(* Let $(G,D,\star)$ be a probabilistic metric space with $\star$ continuous. Then: (1) $(Lip^1_\star(G,\Delta^+),\overline{\mathbb D},\star)$ is a complete probabilistic metric space, and $\delta:G\to Lip^1_\star(G,\Delta^+)$, $a\mapsto\delta_a$, is an isometric embedding, i.e. $\overline{\mathbb D}(\delta_a,\delta_b)=D(a,b)$; (2) if moreover $(G,\cdot,D,\star)$ is an invariant probabilistic metric group and $\star$ is also sup-continuous, then $\delta:(G,\cdot)\to(Lip^1_\star(G,\Delta^+),\odot)$ is a group homomorphism.
   Context: A distribution function is a nondecreasing, left-continuous function $F:[-\infty,+\infty]\to[0,1]$ with $F(-\infty)=0$, $F(+\infty)=1$; $\Delta^+$ is the set of distribution functions with $F(0)=0$, ordered pointwise (a complete lattice with maximum $\mathcal H_0$ and minimum $\mathcal H_\infty$, where $\mathcal H_0(t)=0$ for $t\le0$, $1$ for $t>0$, and $\mathcal H_\infty(t)=0$ for $t<+\infty$, $\mathcal H_\infty(+\infty)=1$). A triangle function is a binary operation $\star$ on $\Delta^+$ that is commutative, associative, nondecreasing in each argument, with $F\star\mathcal H_0=F$; it is sup-continuous if $\sup_i(F_i\star L)=(\sup_iF_i)\star L$ for every nonempty family $(F_i)$ and every $L$. $F_n\xrightarrow{w}F$ means $F_n(t)\to F(t)$ at every continuity point $t\in\mathbb R$ of $F$; $\star$ is continuous if $F_n\star L_n\xrightarrow{w}F\star L$ whenever $F_n\xrightarrow{w}F$, $L_n\xrightarrow{w}L$. A probabilistic metric space $(G,D,\star)$ consists of a set $G$, a triangle function $\star$ and $D:G\times G\to\Delta^+$ with (i) $D(p,q)=\mathcal H_0$ iff $p=q$; (ii) $D(p,q)=D(q,p)$; (iii) $D(p,q)\star D(q,r)\le D(p,r)$. If $(G,\cdot)$ is a group and $D(pr,qr)=D(rp,rq)=D(p,q)$ for all $p,q,r$, it is an invariant probabilistic metric group. A sequence $(z_n)$ is Cauchy if $D(z_n,z_p)\xrightarrow{w}\mathcal H_0$ as $n,p\to\infty$; completeness means every Cauchy sequence has a point $z$ with $D(z_n,z)\xrightarrow{w}\mathcal H_0$. $Lip^1_\star(G,\Delta^+)$ is the set of maps $f:G\to\Delta^+$ with $D(x,y)\star f(y)\le f(x)$ for all $x,y$. $\delta_a(y)=D(y,a)$. $\Pi(G)$ is the set of $f\in Lip^1_\star(G,\Delta^+)$ for which there is a Cauchy sequence $(a_n)\subset G$ with $D(a_n,x)\xrightarrow{w}f(x)$ for all $x$. $\mathbb D(f,g)=\sup_{x\in G}f(x)\star g(x)$ for $f,g\in\Pi(G)$. $\overline{\mathbb D}$ on $Lip^1_\star(G,\Delta^+)$ is: $\overline{\mathbb D}(f,g)=\mathbb D(f,g)$ if $f,g\in\Pi(G)$; $\overline{\mathbb D}(f,g)=\mathcal H_0$ if $f=g$; $\overline{\mathbb D}(f,g)=\mathcal H_\infty$ if $f\ne g$ and $(f,g)\notin\Pi(G)\times\Pi(G)$. For maps $f,g:G\to\Delta^+$, $(f\odot g)(x)=\sup_{y,z\in G,\ yz=x}f(y)\star g(z)$. *)

theory Defs
  imports Complex_Main "HOL-Library.Extended_Real" "HOL-Algebra.Group"
begin

type_synonym dfun = "ereal \<Rightarrow> real"

definition distfun :: "dfun \<Rightarrow> bool" where
  "distfun F \<longleftrightarrow> mono F \<and> (\<forall>t. 0 \<le> F t \<and> F t \<le> 1)
     \<and> (\<forall>x::real. ((\<lambda>s. F (ereal s)) \<longlongrightarrow> F (ereal x)) (at_left x))
     \<and> F (-\<infinity>) = 0 \<and> F \<infinity> = 1"

definition DeltaPlus :: "dfun set" where
  "DeltaPlus = {F. distfun F \<and> F 0 = 0}"

definition H0 :: dfun where
  "H0 t = (if t \<le> 0 then 0 else 1)"

definition Hinf :: dfun where
  "Hinf t = (if t = \<infinity> then 1 else 0)"

definition triangle_function :: "(dfun \<Rightarrow> dfun \<Rightarrow> dfun) \<Rightarrow> bool" where
  "triangle_function tf \<longleftrightarrow>
     (\<forall>F\<in>DeltaPlus. \<forall>L\<in>DeltaPlus. tf F L \<in> DeltaPlus)
   \<and> (\<forall>F\<in>DeltaPlus. \<forall>L\<in>DeltaPlus. tf F L = tf L F)
   \<and> (\<forall>F\<in>DeltaPlus. \<forall>L\<in>DeltaPlus. \<forall>K\<in>DeltaPlus. tf (tf F L) K = tf F (tf L K))
   \<and> (\<forall>F\<in>DeltaPlus. \<forall>F'\<in>DeltaPlus. \<forall>L\<in>DeltaPlus. F \<le> F' \<longrightarrow> tf F L \<le> tf F' L \<and> tf L F \<le> tf L F')
   \<and> (\<forall>F\<in>DeltaPlus. tf F H0 = F)"

text \<open>Pointwise supremum = supremum in the lattice DeltaPlus.\<close>
definition tf_sup_continuous :: "(dfun \<Rightarrow> dfun \<Rightarrow> dfun) \<Rightarrow> bool" where
  "tf_sup_continuous tf \<longleftrightarrow>
     (\<forall>\<F> L. \<F> \<noteq> {} \<and> \<F> \<subseteq> DeltaPlus \<and> L \<in> DeltaPlus \<longrightarrow>
        (\<lambda>t. SUP F\<in>\<F>. tf F L t) = tf (\<lambda>t. SUP F\<in>\<F>. F t) L)"

definition wconv :: "'i filter \<Rightarrow> ('i \<Rightarrow> dfun) \<Rightarrow> dfun \<Rightarrow> bool" where
  "wconv Fl S L \<longleftrightarrow> (\<forall>t::real. isCont (\<lambda>x. L (ereal x)) t \<longrightarrow>
      ((\<lambda>n. S n (ereal t)) \<longlongrightarrow> L (ereal t)) Fl)"

definition tf_continuous :: "(dfun \<Rightarrow> dfun \<Rightarrow> dfun) \<Rightarrow> bool" where
  "tf_continuous tf \<longleftrightarrow>
     (\<forall>Fs Ls F L. (\<forall>n. Fs n \<in> DeltaPlus) \<and> (\<forall>n. Ls n \<in> DeltaPlus) \<and> F \<in> DeltaPlus \<and> L \<in> DeltaPlus
        \<and> wconv sequentially Fs F \<and> wconv sequentially Ls L
        \<longrightarrow> wconv sequentially (\<lambda>n. tf (Fs n) (Ls n)) (tf F L))"

definition pm_space :: "'a set \<Rightarrow> ('a \<Rightarrow> 'a \<Rightarrow> dfun) \<Rightarrow> (dfun \<Rightarrow> dfun \<Rightarrow> dfun) \<Rightarrow> bool" where
  "pm_space S D tf \<longleftrightarrow> triangle_function tf
     \<and> (\<forall>p\<in>S. \<forall>q\<in>S. D p q \<in> DeltaPlus)
     \<and> (\<forall>p\<in>S. \<forall>q\<in>S. D p q = H0 \<longleftrightarrow> p = q)
     \<and> (\<forall>p\<in>S. \<forall>q\<in>S. D p q = D q p)
     \<and> (\<forall>p\<in>S. \<forall>q\<in>S. \<forall>r\<in>S. tf (D p q) (D q r) \<le> D p r)"

definition pm_cauchy :: "'a set \<Rightarrow> ('a \<Rightarrow> 'a \<Rightarrow> dfun) \<Rightarrow> (nat \<Rightarrow> 'a) \<Rightarrow> bool" where
  "pm_cauchy S D z \<longleftrightarrow> (\<forall>n. z n \<in> S)
     \<and> wconv (sequentially \<times>\<^sub>F sequentially) (\<lambda>(n, p). D (z n) (z p)) H0"

definition pm_complete :: "'a set \<Rightarrow> ('a \<Rightarrow> 'a \<Rightarrow> dfun) \<Rightarrow> bool" where
  "pm_complete S D \<longleftrightarrow> (\<forall>z. pm_cauchy S D z \<longrightarrow>
      (\<exists>x\<in>S. wconv sequentially (\<lambda>n. D (z n) x) H0))"

definition LipS :: "('a \<Rightarrow> 'a \<Rightarrow> dfun) \<Rightarrow> (dfun \<Rightarrow> dfun \<Rightarrow> dfun) \<Rightarrow> ('a \<Rightarrow> dfun) set" where
  "LipS D tf = {f. (\<forall>x. f x \<in> DeltaPlus) \<and> (\<forall>x y. tf (D x y) (f y) \<le> f x)}"

definition pm_delta :: "('a \<Rightarrow> 'a \<Rightarrow> dfun) \<Rightarrow> 'a \<Rightarrow> ('a \<Rightarrow> dfun)" where
  "pm_delta D a = (\<lambda>y. D y a)"

definition PiG :: "('a \<Rightarrow> 'a \<Rightarrow> dfun) \<Rightarrow> (dfun \<Rightarrow> dfun \<Rightarrow> dfun) \<Rightarrow> ('a \<Rightarrow> dfun) set" where
  "PiG D tf = {f \<in> LipS D tf. \<exists>a. pm_cauchy UNIV D a \<and>
                 (\<forall>x. wconv sequentially (\<lambda>n. D (a n) x) (f x))}"

definition DD :: "(dfun \<Rightarrow> dfun \<Rightarrow> dfun) \<Rightarrow> ('a \<Rightarrow> dfun) \<Rightarrow> ('a \<Rightarrow> dfun) \<Rightarrow> dfun" where
  "DD tf f g = (\<lambda>t. SUP x. tf (f x) (g x) t)"

definition DDbar :: "('a \<Rightarrow> 'a \<Rightarrow> dfun) \<Rightarrow> (dfun \<Rightarrow> dfun \<Rightarrow> dfun) \<Rightarrow> ('a \<Rightarrow> dfun) \<Rightarrow> ('a \<Rightarrow> dfun) \<Rightarrow> dfun" where
  "DDbar D tf f g = (if f \<in> PiG D tf \<and> g \<in> PiG D tf then DD tf f g
                     else if f = g then H0 else Hinf)"

definition invariant_pm_group :: "('a, 'b) monoid_scheme \<Rightarrow> ('a \<Rightarrow> 'a \<Rightarrow> dfun) \<Rightarrow> bool" where
  "invariant_pm_group Gr D \<longleftrightarrow> (\<forall>p q r. D (p \<otimes>\<^bsub>Gr\<^esub> r) (q \<otimes>\<^bsub>Gr\<^esub> r) = D p q
                                   \<and> D (r \<otimes>\<^bsub>Gr\<^esub> p) (r \<otimes>\<^bsub>Gr\<^esub> q) = D p q)"

definition odot :: "('a, 'b) monoid_scheme \<Rightarrow> (dfun \<Rightarrow> dfun \<Rightarrow> dfun) \<Rightarrow> ('a \<Rightarrow> dfun) \<Rightarrow> ('a \<Rightarrow> dfun) \<Rightarrow> ('a \<Rightarrow> dfun)" where
  "odot Gr tf f g = (\<lambda>x t. SUP yz\<in>{(y, z). y \<otimes>\<^bsub>Gr\<^esub> z = x}. tf (f (fst yz)) (g (snd yz)) t)"

end

theory Submission
  imports Defs "HOL-Probability.Helly_Selection"
begin
lemma card_Diff_Un_supermodular:
  assumes "finite G"
  shows "card (G - (A \<union> C)) + card (G - (B \<union> C)) \<le> card (G - C) + card (G - (A \<union> B \<union> C))"
proof -
  have "card (G - (A \<union> C)) + card (G - (B \<union> C))
      = card ((G - (A \<union> C)) \<union> (G - (B \<union> C))) + card ((G - (A \<union> C)) \<inter> (G - (B \<union> C)))"
    using assms by (intro card_Un_Int) auto
  moreover have "card ((G - (A \<union> C)) \<union> (G - (B \<union> C))) \<le> card (G - C)"
    using assms by (intro card_mono) auto
  moreover have "(G - (A \<union> C)) \<inter> (G - (B \<union> C)) = G - (A \<union> B \<union> C)" by auto
  ultimately show ?thesis by simp
qed

lemma maxent_entropy_exact_supermodular:
  assumes ok: "\<forall>T\<in>TS \<union> US \<union> BS. tile_ok n m T" and ex: "\<forall>T\<in>TS \<union> US \<union> BS. exact_tile \<alpha> T"
    and cons: "consistent n m \<alpha> (TS \<union> US \<union> BS)"
  shows "maxent_entropy n m \<alpha> (US \<union> BS) + maxent_entropy n m \<alpha> (TS \<union> BS)
    \<le> maxent_entropy n m \<alpha> BS + maxent_entropy n m \<alpha> (TS \<union> US \<union> BS)"
proof -
  let ?M = "TS \<union> US \<union> BS" and ?h = "maxent_entropy n m \<alpha>"
  let ?c = "\<lambda>Y. real (card ({1..n} \<times> {1..m} - covered_cells \<alpha> Y))"
  have h: "?h Y = ?c Y * ln 2" if "Y \<subseteq> ?M" for Y
    using maxent_entropy_exact ok ex consistent_subset[OF that cons] that by blast
  have "?c (US \<union> BS) + ?c (TS \<union> BS) \<le> ?c BS + ?c ?M"
    using card_Diff_Un_supermodular[of "{1..n} \<times> {1..m}" "covered_cells \<alpha> US"
        "covered_cells \<alpha> BS" "covered_cells \<alpha> TS"]
    by (simp add: covered_cells_Un Un_ac)
  hence "(?c (US \<union> BS) + ?c (TS \<union> BS)) * ln 2 \<le> (?c BS + ?c ?M) * ln 2"
    by (intro mult_right_mono) auto
  moreover have "?h (US \<union> BS) = ?c (US \<union> BS) * ln 2" "?h (TS \<union> BS) = ?c (TS \<union> BS) * ln 2"
    "?h BS = ?c BS * ln 2" "?h ?M = ?c ?M * ln 2"
    by (rule h; blast)+
  ultimately show ?thesis by (simp add: distrib_right)
qed

theorem theorem6:
  fixes n m :: nat and \<alpha> :: "tile \<Rightarrow> real" and TS US BS :: "tile set"
  assumes "1 \<le> n" and "1 \<le> m"
    and "\<forall>T\<in>TS \<union> US \<union> BS. tile_ok n m T"
    and "consistent n m \<alpha> (TS \<union> US \<union> BS)"
  shows "dist_d n m \<alpha> TS US BS \<le> 2 \<and>
         ((\<forall>T\<in>TS \<union> US \<union> BS. exact_tile \<alpha> T) \<longrightarrow> dist_d n m \<alpha> TS US BS \<le> 1)"
proof
  let ?h = "maxent_entropy n m \<alpha>"
  have "?h (TS \<union> US \<union> BS) \<le> ?h (US \<union> BS)"
    by (rule maxent_entropy_antimono[OF assms(4)]) blast
  moreover have "?h (US \<union> BS) \<le> ?h BS" "?h (TS \<union> BS) \<le> ?h BS"
    by (rule maxent_entropy_antimono[OF consistent_subset[OF _ assms(4)]]; blast)+
  ultimately show "dist_d n m \<alpha> TS US BS \<le> 2" by (intro dist_d_le[OF assms(4)]) auto
  show "(\<forall>T\<in>TS \<union> US \<union> BS. exact_tile \<alpha> T) \<longrightarrow> dist_d n m \<alpha> TS US BS \<le> 1"
    using maxent_entropy_exact_supermodular[OF assms(3) _ assms(4)]
    by (intro impI dist_d_le[OF assms(4)]) auto
qed

end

# Task description
If a line of the entries above includes the word "exists", count it; then state the total and nothing else.

# Result for this task
2